Appellant further insists that the court erred in the following portion of the charge: "If from the evidence you believe that defendant *109 killed the said Boyd, and further believe that, at the time of so doing, deceased made an attack on him which, from the manner and character of it, and the relative strength of the parties, and defendant's knowledge of the character and disposition of the deceased, caused him to have reasonable expectation or fear of death, * * * then you will acquit." The particular part complained of is, "and defendant's knowledge of the character and disposition of the deceased," in that the same was a charge upon the weight of the evidence. This charge is correct. Clearly, the character of the deceased being known to appellant, as the evidence in this case shows, it was proper for the court to charge the jury as it did.
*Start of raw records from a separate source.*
lemma coincidence_map:
  assumes same: "\<And>u u'. u \<in> short_words r \<Longrightarrow> u' \<in> short_words r \<Longrightarrow>
      act_word S T u x = act_word S T u' x \<longleftrightarrow> act_word S' T' u x' = act_word S' T' u' x'"
  obtains \<psi> where "bij_betw \<psi> ((\<lambda>w. act_word S T w x) ` reduced_words r)
                                ((\<lambda>w. act_word S' T' w x') ` reduced_words r)"
    and "\<And>w. w \<in> reduced_words r \<Longrightarrow> \<psi> (act_word S T w x) = act_word S' T' w x'"
proof -
  let ?A = "\<lambda>w. act_word S T w x" and ?B = "\<lambda>w. act_word S' T' w x'" and ?R = "reduced_words r"
  define \<psi> where "\<psi> y = ?B (SOME w. w \<in> ?R \<and> ?A w = y)" for y
  have same_R: "?A u = ?A u' \<longleftrightarrow> ?B u = ?B u'" if "u \<in> ?R" "u' \<in> ?R" for u u'
    using same that reduced_words_subset_short_words by blast
  have \<psi>: "\<psi> (?A w) = ?B w" if "w \<in> ?R" for w
  proof -
    have "\<exists>w'. w' \<in> ?R \<and> ?A w' = ?A w" using that by blast
    then have "(SOME w'. w' \<in> ?R \<and> ?A w' = ?A w) \<in> ?R \<and> ?A (SOME w'. w' \<in> ?R \<and> ?A w' = ?A w) = ?A w"
      by (rule someI_ex)
    then show ?thesis unfolding \<psi>_def using same_R that by blast
  qed
  have "bij_betw \<psi> (?A ` ?R) (?B ` ?R)"
  proof (rule bij_betw_imageI)
    show "inj_on \<psi> (?A ` ?R)" by (auto simp: inj_on_def \<psi> same_R)
    show "\<psi> ` ?A ` ?R = ?B ` ?R" by (auto simp: image_image \<psi>)
  qed
  from this \<psi> show thesis by (rule that)
qed

lemma ball_iso_of_coincidences:
  assumes same: "\<And>u u'. u \<in> short_words r \<Longrightarrow> u' \<in> short_words r \<Longrightarrow>
      act_word S T u x = act_word S T u' x \<longleftrightarrow> act_word S' T' u x' = act_word S' T' u' x'"
    and labels: "\<And>w k. w \<in> reduced_words r \<Longrightarrow> k < r \<Longrightarrow>
      L' (act_word S' T' w x') k = L (act_word S T w x) k"
  shows "rgraph_iso (ball_graph r S T L x) (ball_graph r S' T' L' x')"
proof -
  let ?A = "\<lambda>w. act_word S T w x" and ?B = "\<lambda>w. act_word S' T' w x'" and ?R = "reduced_words r"
  obtain \<psi> where bij: "bij_betw \<psi> (?A ` ?R) (?B ` ?R)" and \<psi>: "\<And>w. w \<in> ?R \<Longrightarrow> \<psi> (?A w) = ?B w"
    using coincidence_map[OF same] by blast
  have in_ball_iff: "?B u \<in> ?B ` ?R \<longleftrightarrow> ?A u \<in> ?A ` ?R" if "u \<in> short_words r" for u
    using same[OF that] reduced_words_subset_short_words by blast
  have \<psi>_ext: "\<psi> (?A u) = ?B u" if "u \<in> short_words r" "?A u \<in> ?A ` ?R" for u
  proof -
    from that(2) obtain w' where w': "w' \<in> ?R" "?A u = ?A w'" by blast
    then have "?B u = ?B w'" using same[OF that(1)] reduced_words_subset_short_words by blast
    then show ?thesis using w' \<psi> by simp
  qed
  have edge: "(if \<psi> (?A w) \<in> ?B ` ?R \<and> fst a \<in> {1..r} \<and> act_letter S' T' a (\<psi> (?A w)) \<in> ?B ` ?R
          then Some (act_letter S' T' a (\<psi> (?A w))) else None)
      = map_option \<psi> (if ?A w \<in> ?A ` ?R \<and> fst a \<in> {1..r} \<and> act_letter S T a (?A w) \<in> ?A ` ?R
          then Some (act_letter S T a (?A w)) else None)" if w: "w \<in> ?R" for w a
  proof (cases "fst a \<in> {1..r}")
    case True
    have aw: "a # w \<in> short_words r" using Cons_in_short_words[OF w True] .
    have step: "act_letter S T a (?A w) = ?A (a # w)" "act_letter S' T' a (\<psi> (?A w)) = ?B (a # w)"
      using \<psi>[OF w] by simp_all
    have centre: "\<psi> (?A w) \<in> ?B ` ?R" "?A w \<in> ?A ` ?R" using \<psi>[OF w] w by auto
    show ?thesis
      unfolding step using True centre in_ball_iff[OF aw] \<psi>_ext[OF aw]
      by (cases "?A (a # w) \<in> ?A ` ?R") (simp_all del: act_word_Cons)
  qed auto
  show ?thesis
    unfolding rgraph_iso_def ball_graph_def Let_def prod.case
  proof (rule exI[of _ \<psi>], intro conjI ballI allI)
    show "bij_betw \<psi> (?A ` ?R) (?B ` ?R)" by (rule bij)
    show "\<psi> x = x'" using \<psi>[of "[]"] by simp
  next
    fix y assume "y \<in> ?A ` ?R"
    then obtain w where w: "w \<in> ?R" "y = ?A w" by blast
    show "map (L' (\<psi> y)) [0..<r] = map (L y) [0..<r]"
      using w \<psi> labels by simp
    fix a
    show "(if \<psi> y \<in> ?B ` ?R \<and> fst a \<in> {1..r} \<and> act_letter S' T' a (\<psi> y) \<in> ?B ` ?R
          then Some (act_letter S' T' a (\<psi> y)) else None)
      = map_option \<psi> (if y \<in> ?A ` ?R \<and> fst a \<in> {1..r} \<and> act_letter S T a y \<in> ?A ` ?R
          then Some (act_letter S T a y) else None)"
      unfolding w(2) by (rule edge[OF w(1)])
  qed
qed

lemma rgraph_iso_trans:
  assumes "rgraph_iso A B" "rgraph_iso B C" shows "rgraph_iso A C"
proof -
  obtain V x E lab where A: "A = (V, x, E, lab)" by (cases A) auto
  obtain V' x' E' lab' where B: "B = (V', x', E', lab')" by (cases B) auto
  obtain V'' x'' E'' lab'' where C: "C = (V'', x'', E'', lab'')" by (cases C) auto
  from assms(1) obtain \<phi> where \<phi>: "bij_betw \<phi> V V'" "\<phi> x = x'"
    "\<forall>y\<in>V. lab' (\<phi> y) = lab y \<and> (\<forall>a. E' (\<phi> y) a = map_option \<phi> (E y a))"
    by (auto simp: rgraph_iso_def A B)
  from assms(2) obtain \<theta> where \<theta>: "bij_betw \<theta> V' V''" "\<theta> x' = x''"
    "\<forall>y\<in>V'. lab'' (\<theta> y) = lab' y \<and> (\<forall>a. E'' (\<theta> y) a = map_option \<theta> (E' y a))"
    by (auto simp: rgraph_iso_def B C)
  have "\<phi> y \<in> V'" if "y \<in> V" for y using \<phi>(1) that by (meson bij_betwE)
  then show ?thesis
    unfolding rgraph_iso_def A C prod.case
    using \<phi> \<theta> bij_betw_trans[OF \<phi>(1) \<theta>(1)] by (intro exI[of _ "\<theta> \<circ> \<phi>"]) (auto simp: option.map_comp)
qed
Appellant's seventh assignment of error is that the court erred in excluding the testimony of the witness Mart Land, offered by defendant, to the effect that in a conversation with deceased, Boyd, during the fall of 1899, and shortly before the time Mrs. Messer testified that Boyd began his misconduct towards her, Boyd asked the witness "how he liked his little widow" (referring to Mrs. Gravitt, who subsequently became the wife of appellant), and, upon being reprimanded, replied that the witness knew his weakness along that line. This testimony should have been admitted, as it tends to corroborate the testimony of appellant's wife as to the conduct of deceased towards her.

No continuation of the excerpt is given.